Mom and dad did me another huge favor by watching chow pup (sorry, I can’t shake the nomenclature just yet) while I went on a job interview yesterday. I made them a huge pot of beef stew, loaded up with mushrooms, carrots, peas, and taters. Fancy stew beef from Whole Foods, shallots, garlic, red wine, butter, olive oil and thyme all made their way into the pot. Served on top of pappardelle - they ate it up for lunch yesterday and today.
Dinner last night for them was gorgeous grilled halibut on sale at Whole Foods ($20 from the usual $29/lb) eaten Korean-style, wrapped up in ssam (romaine), with bean-y brown rice and dabbed with gochijang/daenjang/sesame oil. Mom made a Korean-ish cabbage soup that went quite well with the meal.
Lurvvv roasted cauli. My favorite prep for it by far.
Dayum! It all looks amazing. Of course I can’t eat most of it, but a girl can dream
I can’t Like this 50 times, can I? I thought not.

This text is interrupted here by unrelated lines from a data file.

lemma sum_rec_defect_forward:
  fixes A C D :: "'a::field" and x :: "nat \<Rightarrow> 'a"
  assumes char: "CHAR('a) = 2" and AD: "A * D = 1"
  shows "(\<Sum>i<n. D * frob (i + 1) A * Sseq C D (i + 1) * rec_defect C D x i)
       = x 0 + D * frob n A * (Sseq C D (n + 1) * x n + Sseq C D n * x (n + 1))"
proof (induction n)
  case 0
  have "D * A = 1"
    using AD by (simp add: mult.commute)
  then show ?case
    by (simp add: char2_simps[OF char])
next
  case (Suc n)
  let ?a = "frob n A" and ?s = "Sseq C D"
  have "?a * frob n D = 1"
    using AD by (metis frob_mult frob_one)
  then have unit: "?a * frob n D + 1 = 0"
    by (simp add: char2_simps[OF char])
  have "(\<Sum>i<Suc n. D * frob (i + 1) A * ?s (i + 1) * rec_defect C D x i)
      = x 0 + D * ?a * (?s (n + 1) * x n + ?s n * x (n + 1))
        + D * (?a * ?a) * ?s (n + 1) * rec_defect C D x n"
    using Suc by (simp add: power2_eq_square flip: frob_square)
  also have "\<dots> = x 0 + D * (?a * ?a) * (?s (n + 2) * x (n + 1) + ?s (n + 1) * x (n + 2))
        + (?a * frob n D + 1) * (D * ?a * (?s (n + 1) * x n + ?s n * x (n + 1)))"
    unfolding rec_defect_def Sseq_add_2 by (simp add: algebra_simps char2_simps[OF char])
  finally show ?case
    unfolding unit by (simp add: power2_eq_square flip: frob_square)
qed

lemma sum_rec_defect_backward:
  fixes A C D :: "'a::field" and x :: "nat \<Rightarrow> 'a"
  assumes char: "CHAR('a) = 2" and AD: "A * D = 1" and "n + 1 \<le> m"
  shows "(\<Sum>i<n. frob (i + 1) (Sseq C D (m - 1 - i)) * rec_defect C D x i)
       = x 0 * D * Sseq C D (m - 1) ^ 2 + x 1 * Sseq C D m
         + x n * frob n D * frob (n + 1) (Sseq C D (m - 1 - n))
         + x (n + 1) * frob n (Sseq C D (m - n))"
  using assms(3)
proof (induction n)
  case 0
  show ?case
    by (simp add: frob_Suc_0 char2_simps[OF char])
next
  case (Suc n)
  let ?s = "Sseq C D"
  obtain j where j: "m - 1 - n = j + 1" "m - n = j + 2" "m - 1 - Suc n = j" "m - Suc n = j + 1"
    using Suc.prems by (intro that[of "m - (n + 2)"]) auto
  have "frob n (?s (j + 2))
      = frob n C * frob (n + 1) (?s (j + 1)) + frob (n + 1) D * frob (n + 2) (?s j)"
    unfolding Sseq_backward[OF char AD] frob_add[OF char] frob_mult
    by (simp add: frob_def power_mult[symmetric] power_add mult.commute)
  then have step: "x n * frob n D * frob (n + 1) (?s (j + 1)) + x (n + 1) * frob n (?s (j + 2))
        + frob (n + 1) (?s (j + 1)) * rec_defect C D x n
      = x (n + 1) * frob (n + 1) D * frob (n + 2) (?s j) + x (n + 2) * frob (n + 1) (?s (j + 1))"
    unfolding rec_defect_def by (simp add: algebra_simps char2_simps[OF char])
  have "(\<Sum>i<Suc n. frob (i + 1) (?s (m - 1 - i)) * rec_defect C D x i)
      = x 0 * D * ?s (m - 1) ^ 2 + x 1 * ?s m
        + (x n * frob n D * frob (n + 1) (?s (j + 1)) + x (n + 1) * frob n (?s (j + 2))
           + frob (n + 1) (?s (j + 1)) * rec_defect C D x n)"
    using Suc j by (simp add: algebra_simps)
  with j show ?case
    unfolding step by (simp add: algebra_simps)
qed

lemma sum_rec_defect_periodic:
  fixes A C D :: "'a::field" and x :: "nat \<Rightarrow> 'a"
  assumes char: "CHAR('a) = 2" and AD: "A * D = 1" and "frob m A = A" and "m > 0"
    and "x m = x 0" and "x (m + 1) = x 1"
  shows "(\<Sum>i<m. (frob (i + 1) (Sseq C D (m - 1 - i)) + D * frob (i + 1) A * Sseq C D (i + 1))
                  * rec_defect C D x i)
       = monodromy_trace C D m * x 0"
proof -
  obtain k where k: "m = Suc k"
    using \<open>m > 0\<close> gr0_conv_Suc by blast
  have forward: "(\<Sum>i<m. D * frob (i + 1) A * Sseq C D (i + 1) * rec_defect C D x i)
      = x 0 + D * A * (Sseq C D (m + 1) * x 0 + Sseq C D m * x 1)"
    using sum_rec_defect_forward[OF char AD, where n=m and C=C and x=x] assms(3,5,6) by simp
  have "(\<Sum>i<k. frob (i + 1) (Sseq C D (m - 1 - i)) * rec_defect C D x i)
      = x 0 * D * Sseq C D (m - 1) ^ 2 + x 1 * Sseq C D m
        + x k * frob k D * frob (k + 1) (Sseq C D (m - 1 - k)) + x (k + 1) * frob k (Sseq C D (m - k))"
    by (rule sum_rec_defect_backward[OF char AD]) (simp add: k)
  then have backward: "(\<Sum>i<m. frob (i + 1) (Sseq C D (m - 1 - i)) * rec_defect C D x i)
      = x 0 * D * Sseq C D (m - 1) ^ 2 + x 1 * Sseq C D m + x 0"
    using assms(5) by (simp add: k)
  show ?thesis
    unfolding distrib_right sum.distrib backward forward monodromy_trace_eq_Sseq[OF char AD \<open>m > 0\<close>]
    using AD by (simp add: algebra_simps char2_simps[OF char])
qed

lemma linear_system_2_unique:
  fixes r s r' s' :: "'a::idom"
  assumes det: "r * s' - s * r' \<noteq> 0"
    and "a * r + b * s = a' * r + b' * s" and "a * r' + b * s' = a' * r' + b' * s'"
  shows "a = a' \<and> b = b'"
proof -
  have eq1: "(a - a') * r + (b - b') * s = 0" and eq2: "(a - a') * r' + (b - b') * s' = 0"
    using assms(2,3) by (simp_all add: algebra_simps)
  have "(a - a') * (r * s' - s * r') = s' * ((a - a') * r + (b - b') * s) - s * ((a - a') * r' + (b - b') * s')"
    and "(b - b') * (r * s' - s * r') = r * ((a - a') * r' + (b - b') * s') - r' * ((a - a') * r + (b - b') * s)"
    by (simp_all add: algebra_simps)
  then show ?thesis
    using det unfolding eq1 eq2 by simp
qed

lemma monodromy_trace_square:
  fixes A C D :: "'a::comm_ring_1"
  assumes char: "CHAR('a) = 2" and AD: "A * D = 1" and "frob m C = C" and "frob m D = D"
  shows "(monodromy_trace C D m)\<^sup>2 = monodromy_trace C D m"
proof -
  let ?r = "frob_rec C D 1 0" and ?s = "frob_rec C D 0 1"
  have r: "(?r m)\<^sup>2 = A * C * ?r (Suc m) + ?s (Suc m)"
    using frob_rec_square[OF char AD, of C 1 0 m] frob_rec_linear[of C D "A * C" 1 "Suc m"]
    by (simp del: frob_rec.simps)
  have s: "(?s (Suc m))\<^sup>2 = A * ?r (Suc (Suc m))"
    using frob_rec_square[OF char AD, of C 0 1 "Suc m"] frob_rec_linear[of C D A 0 "Suc (Suc m)"]
    by (simp del: frob_rec.simps)
  have rec: "?r (Suc (Suc m)) = C * ?r (Suc m) + D * ?r m"
    using assms(3,4) by simp
  have "(?r m + ?s (Suc m))\<^sup>2 = A * C * ?r (Suc m) + ?s (Suc m) + A * (C * ?r (Suc m) + D * ?r m)"
    unfolding square_add_char2[OF char] r s rec ..
  also have "\<dots> = ?s (Suc m) + (A * D) * ?r m"
    by (simp add: algebra_simps char2_simps[OF char])
  finally have "(?r m + ?s (Suc m))\<^sup>2 = ?s (Suc m) + (A * D) * ?r m" .
  then show ?thesis
    using AD by (simp add: add.commute monodromy_trace_def)
qed

text \<open>Squaring a solution gives the solution started one step later from these initial
  values, see frob_frob_rec.\<close>

definition square_initial :: "'a::comm_ring_1 \<Rightarrow> 'a \<Rightarrow> 'a \<times> 'a \<Rightarrow> 'a \<times> 'a" where
  "square_initial A C v = (A * ((snd v)\<^sup>2 + C * (fst v)\<^sup>2), (fst v)\<^sup>2)"

lemma frob_frob_rec:
  fixes A C D :: "'a::comm_ring_1"
  assumes char: "CHAR('a) = 2" and AD: "A * D = 1"
  shows "frob j (frob_rec C D a b n)
       = frob_rec C D (fst ((square_initial A C ^^ j) (a, b))) (snd ((square_initial A C ^^ j) (a, b)))
           (n + j)"
proof (induction j)
  case (Suc j)
  then show ?case
    using frob_rec_square[OF char AD] by (simp add: square_initial_def flip: frob_square)
qed simp

lemma frob_rec_monodromy_fixed_vector:
  fixes C D :: "'a::comm_ring_1"
  assumes char: "CHAR('a) = 2" and "frob m C = C" and "frob m D = D"
    and det: "frob_rec C D 1 0 m * frob_rec C D 0 1 (Suc m)
              + frob_rec C D 0 1 m * frob_rec C D 1 0 (Suc m) = 1"
    and "monodromy_trace C D m = 0"
  obtains a b where "(a, b) \<noteq> (0, 0)" and "frob m a = a" and "frob m b = b"
    and "frob_rec C D a b m = a" and "frob_rec C D a b (Suc m) = b"
proof -
  let ?r = "frob_rec C D 1 0" and ?s = "frob_rec C D 0 1"
  have rs: "?r m = ?s (Suc m)"
    using \<open>monodromy_trace C D m = 0\<close> unfolding monodromy_trace_def
    by (simp add: char2_add_eq_0_iff[OF char])
  have fixed: "frob m (?r n) = ?r n" "frob m (?s n) = ?s n" for n
    using frob_rec_fixed[OF char assms(2,3)] by simp_all
  show thesis
  proof (cases "?s m = 0 \<and> ?r m + 1 = 0")
    case True
    then have "?r m = 1"
      by (simp add: char2_add_eq_0_iff[OF char])
    with True rs show thesis
      by (intro that[of 0 1]) simp_all
  next
    case False
    have "frob_rec C D (?s m) (?r m + 1) m = ?s m"
      by (subst frob_rec_linear) (simp add: algebra_simps char2_simps[OF char])
    moreover have "frob_rec C D (?s m) (?r m + 1) (Suc m) = ?r m + 1"
      using det rs by (subst frob_rec_linear) (simp add: algebra_simps)
    ultimately show thesis
      using False fixed by (intro that[of "?s m" "?r m + 1"]) (auto simp: frob_add[OF char])
  qed
qed

lemma square_initial_iterate_fixed:
  fixes A C D :: "'a::idom"
  assumes char: "CHAR('a) = 2" and AD: "A * D = 1"
    and det: "frob_rec C D 1 0 m * frob_rec C D 0 1 (Suc m)
              + frob_rec C D 0 1 m * frob_rec C D 1 0 (Suc m) = 1"
    and "frob m a = a" and "frob m b = b"
    and "frob_rec C D a b m = a" and "frob_rec C D a b (Suc m) = b"
  shows "(square_initial A C ^^ m) (a, b) = (a, b)"
proof -
  let ?r = "frob_rec C D 1 0" and ?s = "frob_rec C D 0 1"
  obtain a' b' where it: "(square_initial A C ^^ m) (a, b) = (a', b')"
    by (cases "(square_initial A C ^^ m) (a, b)")
  have "frob_rec C D a' b' m = a"
    using frob_frob_rec[OF char AD, where j=m and a=a and b=b and n=0 and C=C] it assms(4) by simp
  moreover have "frob_rec C D a' b' (Suc m) = b"
    using frob_frob_rec[OF char AD, where j=m and a=a and b=b and n=1 and C=C] it assms(5) by simp
  moreover have "?r m * ?s (Suc m) - ?s m * ?r (Suc m) \<noteq> 0"
    using det by (simp add: minus_CHAR_2[OF char])
  ultimately have "a' = a \<and> b' = b"
    using assms(6,7) linear_system_2_unique[of "?r m" "?s (Suc m)" "?s m" "?r (Suc m)"]
    by (metis frob_rec_linear)
  then show ?thesis
    using it by simp
qed

lemma sum_frob_shift_cyclic:
  fixes c :: "'a::comm_ring_1"
  assumes "frob m c = c" and "g m = g 0"
  shows "(\<Sum>j<m. frob (Suc j) c * g (Suc j)) = (\<Sum>j<m. frob j c * g j)"
proof -
  have "(\<Sum>j<Suc m. frob j c * g j) = frob 0 c * g 0 + (\<Sum>j<m. frob (Suc j) c * g (Suc j))"
    by (rule sum.lessThan_Suc_shift)
  moreover have "frob m c * g m = frob 0 c * g 0"
    using assms by simp
  ultimately show ?thesis
    by (simp add: add.commute)
qed

lemma kernel_element_of_periodic_orbit:
  fixes A C c :: "'a::comm_ring_1"
  assumes char: "CHAR('a) = 2" and "frob m A = A" and "frob m C = C"
    and "frob m a = a" and "frob m b = b" and "frob m c = c"
    and periodic: "(square_initial A C ^^ m) (a, b) = (a, b)"
  defines "x \<equiv> \<Sum>j<m. frob j c * fst ((square_initial A C ^^ j) (a, b))"
    and "y \<equiv> \<Sum>j<m. frob j c * snd ((square_initial A C ^^ j) (a, b))"
  shows "frob m x = x" and "A * x ^ 4 + A * C * x\<^sup>2 + x = 0" and "y = x\<^sup>2"
proof -
  define p where "p j = fst ((square_initial A C ^^ j) (a, b))" for j
  define r where "r j = snd ((square_initial A C ^^ j) (a, b))" for j
  have p_Suc: "p (Suc j) = A * ((r j)\<^sup>2 + C * (p j)\<^sup>2)" and r_Suc: "r (Suc j) = (p j)\<^sup>2" for j
    unfolding p_def r_def by (simp_all add: square_initial_def)
  have p_r_fixed: "frob m (p j) = p j \<and> frob m (r j) = r j" for j
  proof (induction j)
    case 0
    then show ?case
      using assms(4,5) unfolding p_def r_def by simp
  next
    case (Suc j)
    then show ?case
      using assms(2,3) unfolding p_Suc r_Suc
      by (simp add: frob_add[OF char] frob_power del: frob_square)
  qed
  have x_square: "x\<^sup>2 = (\<Sum>j<m. frob (Suc j) c * (p j)\<^sup>2)"
    and y_square: "y\<^sup>2 = (\<Sum>j<m. frob (Suc j) c * (r j)\<^sup>2)"
    unfolding x_def y_def p_def r_def frob_Suc_0[symmetric] frob_sum[OF char]
    by (simp_all add: frob_Suc_0)
  have "p m = p 0" and "r m = r 0"
    using periodic unfolding p_def r_def by simp_all
  then show y: "y = x\<^sup>2"
    unfolding x_square r_Suc[symmetric] using sum_frob_shift_cyclic[OF assms(6), of r] by (simp add: y_def r_def)
  have "A * (y\<^sup>2 + C * x\<^sup>2) = (\<Sum>j<m. frob (Suc j) c * p (Suc j))"
    unfolding x_square y_square p_Suc by (simp add: sum_distrib_left sum.distrib algebra_simps)
  also have "\<dots> = x"
    using sum_frob_shift_cyclic[OF assms(6), of p] \<open>p m = p 0\<close> by (simp add: x_def p_def)
  finally have "x = A * (x ^ 4 + C * x\<^sup>2)"
    unfolding y by (simp flip: power_mult)
  then show "A * x ^ 4 + A * C * x\<^sup>2 + x = 0"
    by (simp add: algebra_simps char2_simps[OF char])
  have "frob (j + m) c = frob j c" for j
    using assms(6) by (metis frob_frob add.commute)
  then show "frob m x = x"
    unfolding x_def frob_sum[OF char] using p_r_fixed by (simp add: p_def)
qed

lemma exists_sum_frob_nonzero:
  fixes \<alpha> :: "nat \<Rightarrow> 'a::field"
  assumes "\<alpha> 0 \<noteq> 0" and "m > 0" and "finite K" and "2 ^ m \<le> card K"
  shows "\<exists>c\<in>K. (\<Sum>j<m. frob j c * \<alpha> j) \<noteq> 0"
proof (rule ccontr)
  assume vanish: "\<not> ?thesis"
  define p where "p = (\<Sum>j<m. monom (\<alpha> j) (2 ^ j))"
  have eval: "poly p c = (\<Sum>j<m. frob j c * \<alpha> j)" for c
    unfolding p_def poly_sum poly_monom frob_def by (simp add: mult.commute)
  have "coeff p 1 = (\<Sum>j<m. if 2 ^ j = (1::nat) then \<alpha> j else 0)"
    unfolding p_def coeff_sum coeff_monom by simp
  also have "\<dots> = (\<Sum>j\<in>{0}. \<alpha> j)"
    by (rule sum.mono_neutral_cong_right) (use \<open>m > 0\<close> in auto)
  finally have "p \<noteq> 0"
    using assms(1) by auto
  have "degree p \<le> 2 ^ (m - 1)"
    unfolding p_def
  proof (rule degree_sum_le)
    fix j assume "j \<in> {..<m}"
    then have "(2::nat) ^ j \<le> 2 ^ (m - 1)"
      by (intro power_increasing) auto
    then show "degree (monom (\<alpha> j) (2 ^ j)) \<le> 2 ^ (m - 1)"
      using degree_monom_le order_trans by blast
  qed simp
  moreover have "card K \<le> card {x. poly p x = 0}"
    using vanish eval \<open>p \<noteq> 0\<close> by (intro card_mono poly_roots_finite) auto
  moreover have "card {x. poly p x = 0} \<le> degree p"
    by (rule card_poly_roots_bound[OF \<open>p \<noteq> 0\<close>])
  moreover have "(2::nat) ^ (m - 1) < 2 ^ m"
    using \<open>m > 0\<close> by simp
  ultimately show False
    using assms(4) by linarith
qed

WFD: Tonight’s meal has nothing to do with Grace Young’s Wok Wednesday FB group to which I belong, but everything to do with the techniques I’ve learned from GY and Fuchsia Dunlop. The group cooks certain scheduled recipes from Grace’s Stir-Frying To the Sky’s Edge. This week is a shrimp recipe I’ve cooked in the past but would have made tonight except for my quest for wild shrimp, not farmed. Wild shrimp mail order are out there but you know…shipping shrimp? I’m just Yankee enough not to do that.
Stir-fried Chilli Pork. Ingredients: soy sauce; mirin; hoisin sauce; sesame oil; dried chilli flakes; boneless pork chops sliced in thin strips ; minced garlic; Thai bird chillies, and crushed red pepper flakes; scallions; dry-roasted peanuts
Spicy Stir-Fried Zucchini and Bean Sprouts. Ingredients: toasted sesame oil; a pinch of Kosher salt; garlic chili paste; grated ginger. Chopped cilantro over top
Steamed Basmati
Dinner tonight is a beautiful 2 lb skin on fillet of Scottish salmon. I will serve it with spanikopita, heavy on the spinach not so much phyllo, herbed baby white potatoes, and some carrots I purchased at the Farmer’s market this weekend. I love it when we have “family” dinner in the middle of the week with all four of us around the table.